The resulting corrected labeled robot position map is shown in Fig. 10 (a) (error rate 0.69%). Then the corrected labeled robot position map along with the respective laser range finder data can be used in independent opinion pool framework to generate a semantic grid map as shown in Fig. 10 (b) (error rate 1.25%). In this figure, it is to be noted that the obstacle points are labeled rather than the robot's positions.

Evaluation results show that by introducing the topological correction, the error rates in labeling the robot position map is reduced from 4.25% to 0.69% and error rates of semantic grid map have improved from 5.77% (if built based on uncorrected robot position map) to 1.25%. Therefore, it shows that the topological correction approach dramatically improves the accuracy of the final semantic grid map.



Fig. 10. (a) corrected labeled robot position map and (b) semantic grid map.

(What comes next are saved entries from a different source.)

definition E_k ::
  "('x::finite \<Rightarrow> 'y::finite pmf) \<Rightarrow> 'x \<Rightarrow> nat \<Rightarrow> real \<Rightarrow> real
     \<Rightarrow> nat \<Rightarrow> nat \<Rightarrow> nat \<Rightarrow> nat \<Rightarrow> (nat \<times> nat \<Rightarrow> 'x) \<Rightarrow> (nat \<Rightarrow> 'y) \<Rightarrow> bool" where
  "E_k Q star M t1 t2 m' n i k c y \<longleftrightarrow>
     real k * mutual_info (emp (zip (seg (\<lambda>j. c (m', j)) 1 k) (seg y (n - i + 1) k)))
       + real (i - k) * mutual_info (emp (zip (seg (\<lambda>j. c (m', j)) (k + 1) (i - k))
                                            (seg y (n - i + k + 1) (i - k))))
       \<ge> t2 * ln (real M)
     \<and> ereal (real i) * KL_div (emp (seg y (n - i + 1) i)) (pmf (Q star)) \<ge> ereal (t1 * ln (real M))"

definition E_all ::
  "('x::finite \<Rightarrow> 'y::finite pmf) \<Rightarrow> 'x \<Rightarrow> nat \<Rightarrow> real \<Rightarrow> real
     \<Rightarrow> nat \<Rightarrow> nat \<Rightarrow> nat \<Rightarrow> (nat \<times> nat \<Rightarrow> 'x) \<Rightarrow> (nat \<Rightarrow> 'y) \<Rightarrow> bool" where
  "E_all Q star M t1 t2 m' n i c y \<longleftrightarrow> (\<forall>k\<in>{1..i}. E_k Q star M t1 t2 m' n i k c y)"

end

theory Submission
  imports Defs
begin

text \<open>Fix a wrong message \<open>m' \<noteq> m\<close>, a window end \<open>n\<close> and a length \<open>i\<close>, and keep only the
  \<open>k = i\<close> condition of \<open>E(m', n, i)\<close>. Since the outputs depend only on codeword \<open>m\<close>,
  codeword \<open>m'\<close> is i.i.d. \<open>P\<close> given the outputs, and the method of types (change of measure to
  the law under which a given joint type is typical, plus a union bound over the polynomially
  many types) bounds the probability that its empirical mutual information with the output window
  is at least \<open>t\<^sub>2 ln M / i\<close> by \<open>poly(N) M\<^sup>-\<^sup>t\<^sup>2\<close>. If the window does not overlap the transmission,
  the outputs in it are i.i.d. \<open>Q(\<cdot>|\<star>)\<close> and independent of codeword \<open>m'\<close>, so the divergence
  condition contributes a further factor \<open>poly(N) M\<^sup>-\<^sup>t\<^sup>1\<close>. Only \<open>O(N)\<close> window ends overlap the
  transmission; summing over the \<open>M\<close> messages, \<open>A + N - 1\<close> window ends and \<open>N\<close> lengths gives
  the bound.\<close>

lemma measure_bind_pmf_le_indicator:
  assumes "\<And>x. x \<in> set_pmf p \<Longrightarrow> measure_pmf.prob (q x) S \<le> B * indicator T x" "B \<ge> 0"
  shows "measure_pmf.prob (bind_pmf p q) S \<le> B * measure_pmf.prob p T"
proof -
  have "emeasure (measure_pmf (bind_pmf p q)) S = (\<integral>\<^sup>+x. emeasure (measure_pmf (q x)) S \<partial>p)"
    by simp
  also have "\<dots> \<le> (\<integral>\<^sup>+x. ennreal B * indicator T x \<partial>p)"
  proof (rule nn_integral_mono_AE)
    show "AE x in measure_pmf p. emeasure (measure_pmf (q x)) S \<le> ennreal B * indicator T x"
      unfolding AE_measure_pmf_iff
    proof
      fix x assume "x \<in> set_pmf p"
      then have "ennreal (measure_pmf.prob (q x) S) \<le> ennreal (B * indicator T x)"
        by (intro ennreal_leI assms(1))
      then show "emeasure (measure_pmf (q x)) S \<le> ennreal B * indicator T x"
        by (cases "x \<in> T") (auto simp: measure_pmf.emeasure_eq_measure)
    qed
  qed
  also have "\<dots> = ennreal (B * measure_pmf.prob p T)"
    using assms(2) by (simp add: nn_integral_cmult_indicator measure_pmf.emeasure_eq_measure ennreal_mult)
  finally show ?thesis
    by (simp add: measure_pmf.emeasure_eq_measure ennreal_le_iff assms(2))
qed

Blue, cyan and red points are either observer's positions or obstacle points labeled as belonging to office room, lecture room and corridor respectively.

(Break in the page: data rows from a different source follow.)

lemma infinite_nonzero_subideals:
  fixes x :: "'a::comm_ring_1"
  assumes loc: "local_ring TYPE('a)" and ann: "annihilator (the_max_ideal :: 'a set) = {0}"
    and "x \<noteq> 0"
  shows "infinite {J. is_ideal J \<and> J \<noteq> {0} \<and> J \<subseteq> principal_ideal x}"
proof
  let ?F = "{J. is_ideal J \<and> J \<noteq> {0} \<and> J \<subseteq> principal_ideal x}"
  assume fin: "finite ?F"
  \<comment> \<open>A minimal member \<open>I\<close> would satisfy \<open>I = m I\<close>, which Nakayama's trick turns into \<open>I = 0\<close>.\<close>
  have "principal_ideal x \<in> ?F"
    using is_ideal_principal_ideal principal_ideal_eq_zero_iff \<open>x \<noteq> 0\<close> by blast
  then have "?F \<noteq> {}"
    by (metis empty_iff)
  from finite_has_minimal[OF fin this]
  obtain I where I: "I \<in> ?F" and minimal: "\<forall>J\<in>?F. J \<subseteq> I \<longrightarrow> I = J" ..
  then have "is_ideal I" by blast
  obtain z where z: "z \<in> I" "z \<noteq> 0"
    using I is_ideal_zero by blast
  then obtain y where y: "y \<in> the_max_ideal" "z * y \<noteq> 0"
    using ann unfolding annihilator_def by blast
  have zy: "z * y \<in> I"
    using is_ideal_mult_right[OF \<open>is_ideal I\<close> z(1)] .
  then have "principal_ideal (z * y) \<in> ?F"
    using I principal_ideal_subset[OF \<open>is_ideal I\<close>] is_ideal_principal_ideal principal_ideal_eq_zero_iff y(2)
    by blast
  then have "I = principal_ideal (z * y)"
    using minimal principal_ideal_subset[OF \<open>is_ideal I\<close> zy] by simp
  then obtain r where r: "z = r * (z * y)"
    using z(1) unfolding principal_ideal_def by blast
  have "r * y \<in> the_max_ideal"
    using is_ideal_mult_left[OF is_ideal_the_max_ideal[OF loc] y(1)] .
  then have "1 - r * y \<notin> the_max_ideal"
    using is_ideal_add[OF is_ideal_the_max_ideal[OF loc], of "1 - r * y" "r * y"]
      one_notin_the_max_ideal[OF loc] by auto
  then obtain u where u: "u * (1 - r * y) = 1"
    using invertible_if_notin_the_max_ideal[OF loc] by blast
  have "z = (u * (1 - r * y)) * z"
    using u by simp
  also have "\<dots> = u * (z - r * (z * y))"
    by (simp add: algebra_simps)
  finally show False
    using r z(2) by simp
qed

lemma annihilator_notin_principal_ideal_swap:
  fixes s t :: "'a::comm_ring_1"
  assumes loc: "local_ring TYPE('a)"
    and s: "s \<in> annihilator the_max_ideal" "s \<noteq> 0"
    and t: "t \<in> annihilator the_max_ideal" "t \<notin> principal_ideal s"
  shows "s \<notin> principal_ideal t"
proof
  assume "s \<in> principal_ideal t"
  then obtain r where r: "s = r * t"
    unfolding principal_ideal_def by blast
  show False
  proof (cases "r \<in> the_max_ideal")
    case True
    then have "s = 0"
      using r t(1) unfolding annihilator_def by (simp add: mult.commute)
    then show False
      using s(2) by contradiction
  next
    case False
    then obtain u where "u * r = 1"
      using invertible_if_notin_the_max_ideal[OF loc] by blast
    then have "t = u * s"
      using r by (simp add: mult.assoc[symmetric])
    then show False
      using t(2) unfolding principal_ideal_def by blast
  qed
qed

lemma annihilator_mult_proper_ideal:
  assumes "local_ring TYPE('a::comm_ring_1)" "(x::'a) \<in> annihilator the_max_ideal"
    and "is_ideal J" "J \<noteq> UNIV" "y \<in> J"
  shows "x * y = 0"
proof -
  have "1 \<notin> J"
    using assms(3,4) is_ideal_eq_UNIV by blast
  then have "y \<in> the_max_ideal"
    using proper_ideal_subset_the_max_ideal[OF assms(1,3)] assms(5) by blast
  then show ?thesis
    using assms(2) unfolding annihilator_def by blast
qed

lemma three_principal_ideals_in_annihilator:
  fixes s t :: "'a::comm_ring_1"
  assumes loc: "local_ring TYPE('a)"
    and s: "s \<in> annihilator the_max_ideal" "s \<noteq> 0"
    and t: "t \<in> annihilator the_max_ideal" "t \<notin> principal_ideal s"
  shows "card {principal_ideal s, principal_ideal t, principal_ideal (s + t)} = 3"
    and "\<And>I. I \<in> {principal_ideal s, principal_ideal t, principal_ideal (s + t)} \<Longrightarrow>
      is_ideal I \<and> I \<noteq> {0} \<and> I \<subseteq> annihilator the_max_ideal"
proof -
  have "s \<notin> principal_ideal t"
    using annihilator_notin_principal_ideal_swap[OF loc s t] .
  moreover have "s + t \<notin> principal_ideal s"
    using is_ideal_diff[OF is_ideal_principal_ideal, of "s + t" s s] principal_ideal_self t(2) by auto
  moreover have "s + t \<notin> principal_ideal t"
    using is_ideal_diff[OF is_ideal_principal_ideal, of "s + t" t t] principal_ideal_self
      \<open>s \<notin> principal_ideal t\<close> by auto
  ultimately have "principal_ideal s \<noteq> principal_ideal t" "principal_ideal s \<noteq> principal_ideal (s + t)"
    "principal_ideal t \<noteq> principal_ideal (s + t)"
    using principal_ideal_self[of t] principal_ideal_self[of "s + t"] t(2) by blast+
  then show "card {principal_ideal s, principal_ideal t, principal_ideal (s + t)} = 3"
    by simp
  have "0 \<in> principal_ideal s"
    by (rule is_ideal_zero[OF is_ideal_principal_ideal])
  then have nonzero: "s \<noteq> 0" "t \<noteq> 0" "s + t \<noteq> 0"
    using s(2) t(2) \<open>s + t \<notin> principal_ideal s\<close> by auto
  have in_annihilator: "s \<in> annihilator the_max_ideal" "t \<in> annihilator the_max_ideal"
    "s + t \<in> annihilator the_max_ideal"
    using s(1) t(1) is_ideal_add[OF is_ideal_annihilator s(1) t(1)] by blast+
  fix I assume "I \<in> {principal_ideal s, principal_ideal t, principal_ideal (s + t)}"
  then consider "I = principal_ideal s" | "I = principal_ideal t" | "I = principal_ideal (s + t)"
    by blast
  then show "is_ideal I \<and> I \<noteq> {0} \<and> I \<subseteq> annihilator the_max_ideal"
    by cases (simp_all add: nonzero in_annihilator is_ideal_principal_ideal principal_ideal_eq_zero_iff
      principal_ideal_subset[OF is_ideal_annihilator])
qed

lemma infinite_proper_ideals_diff:
  fixes F :: "'a::comm_ring_1 set set"
  assumes "infinite {I :: 'a set. is_ideal I}" "finite F"
  shows "infinite ({J. is_ideal J \<and> J \<noteq> {0} \<and> J \<noteq> UNIV} - F)"
proof
  let ?B = "{J :: 'a set. is_ideal J \<and> J \<noteq> {0} \<and> J \<noteq> UNIV} - F"
  assume "finite ?B"
  then have "finite (?B \<union> F \<union> {{0}, UNIV})"
    using assms(2) by simp
  moreover have "{I. is_ideal I} \<subseteq> ?B \<union> F \<union> {{0}, UNIV}"
    by blast
  ultimately have "finite {I :: 'a set. is_ideal I}"
    by (rule finite_subset[rotated])
  then show False
    using assms(1) by contradiction
qed

section \<open>A complete bipartite subgraph of the annihilating-ideal graph\<close>

lemma AG_contains_K3_infinityI:
  fixes A B :: "'a::comm_ring_1 set set"
  assumes "card A = 3" "infinite B" "A \<inter> B = {}"
    and ideals: "\<And>I. I \<in> A \<union> B \<Longrightarrow> is_ideal I \<and> I \<noteq> {0}"
    and annihilate: "\<And>I J x y. I \<in> A \<Longrightarrow> J \<in> B \<Longrightarrow> x \<in> I \<Longrightarrow> y \<in> J \<Longrightarrow> x * y = 0"
  shows "contains_K3_infinity (AG_vertices TYPE('a)) AG_edge"
proof -
  have prod: "ideal_prod I J = {0}" "ideal_prod J I = {0}" if "I \<in> A" "J \<in> B" for I J
    using annihilate[OF that] by (metis ideal_prod_eq_zero mult.commute)+
  obtain I0 J0 where "I0 \<in> A" "J0 \<in> B"
    using assms(1,2) by (metis card.empty ex_in_conv finite.emptyI zero_neq_numeral)
  then have "A \<union> B \<subseteq> AG_vertices TYPE('a)"
    unfolding AG_vertices_def annihilating_ideal_def using ideals prod by blast
  moreover have "AG_edge I J \<and> AG_edge J I" if "I \<in> A" "J \<in> B" for I J
    unfolding AG_edge_def using prod[OF that] that assms(3) by blast
  ultimately show ?thesis
    unfolding contains_K3_infinity_def using assms(1-3) by blast
qed

lemma AG_contains_K3_infinity_if_annihilator_zero:
  fixes a b :: "'a::comm_ring_1"
  assumes loc: "local_ring TYPE('a)" and ann: "annihilator (the_max_ideal :: 'a set) = {0}"
    and ab: "a \<noteq> 0" "b \<noteq> 0" "a * b = 0"
  shows "contains_K3_infinity (AG_vertices TYPE('a)) AG_edge"
proof -
  let ?sub = "\<lambda>x. {J. is_ideal J \<and> J \<noteq> {0} \<and> J \<subseteq> principal_ideal x}"
  obtain A where A: "finite A" "card A = 3" "A \<subseteq> ?sub a"
    using infinite_arbitrarily_large[OF infinite_nonzero_subideals[OF loc ann ab(1)]] by blast
  have "infinite (?sub b - A)"
    using infinite_nonzero_subideals[OF loc ann ab(2)] A(1) by simp
  moreover have "A \<inter> (?sub b - A) = {}"
    by blast
  moreover have "is_ideal I \<and> I \<noteq> {0}" if "I \<in> A \<union> (?sub b - A)" for I
    using that A(3) by blast
  moreover have "x * y = 0" if IJ: "I \<in> A" "J \<in> ?sub b - A" "x \<in> I" "y \<in> J" for I J x y
  proof -
    obtain r r' where "x = r * a" "y = r' * b"
      using IJ A(3) unfolding principal_ideal_def by blast
    then have "x * y = (r * r') * (a * b)"
      by (simp add: ac_simps)
    then show ?thesis
      using ab(3) by simp
  qed
  ultimately show ?thesis
    by (rule AG_contains_K3_infinityI[OF A(2)])
qed

lemma AG_contains_K3_infinity_if_not_gorenstein:
  assumes noeth: "noetherian_ring TYPE('a::comm_ring_1)" and loc: "local_ring TYPE('a)"
    and not_gorenstein: "\<not> gorenstein TYPE('a)" and inf: "infinite {I :: 'a set. is_ideal I}"
    and ann: "annihilator (the_max_ideal :: 'a set) \<noteq> {0}"
  shows "contains_K3_infinity (AG_vertices TYPE('a)) AG_edge"
proof -
  obtain s :: 'a where s: "s \<in> annihilator the_max_ideal" "s \<noteq> 0"
    using ann is_ideal_zero[OF is_ideal_annihilator] by blast
  have "annihilator the_max_ideal \<noteq> principal_ideal s"
  proof
    assume "annihilator the_max_ideal = principal_ideal s"
    then have "gorenstein TYPE('a)"
      using noeth loc s(2) unfolding gorenstein_def principal_ideal_def by blast
    then show False
      using not_gorenstein by contradiction
  qed
  then obtain t where t: "t \<in> annihilator the_max_ideal" "t \<notin> principal_ideal s"
    using principal_ideal_subset[OF is_ideal_annihilator s(1)] by blast
  let ?A = "{principal_ideal s, principal_ideal t, principal_ideal (s + t)}"
  let ?B = "{J. is_ideal J \<and> J \<noteq> {0} \<and> J \<noteq> UNIV} - ?A"
  note A = three_principal_ideals_in_annihilator[OF loc s t]
  have "infinite ?B"
    by (rule infinite_proper_ideals_diff[OF inf]) simp
  moreover have "is_ideal I \<and> I \<noteq> {0}" if "I \<in> ?A \<union> ?B" for I
    using that A(2) by blast
  moreover have "x * y = 0" if "I \<in> ?A" "J \<in> ?B" "x \<in> I" "y \<in> J" for I J x y
    using annihilator_mult_proper_ideal[OF loc] A(2)[OF that(1)] that(2-4) by blast
  ultimately show ?thesis
    by (rule AG_contains_K3_infinityI[OF A(1) _ Diff_disjoint])
qed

In this paper, we have presented an approach to classify the robot positions in an environment based on laser range data. This is followed by a classification of obstacle points in the environment based on a probabilistic temporal update leading to a semantic grid map. The accuracy of semantic grid map was further improved based on outlier rejection algorithm and topological information. In addition, an idea of virtual exploration and labeling is proposed and implemented, which enables a robot to explore a relatively unknown environment and produce semantic grid maps. Experiments on university indoor environments with lecture rooms, office rooms and corridors show that the results are convincing with low labeling errors.

We are currently in the process of implementing the algorithms on an indoor robot platform.


This work is supported by the ARC Centre of Excellence programme, funded by the Australian Research Council (ARC) and the New South Wales State Government.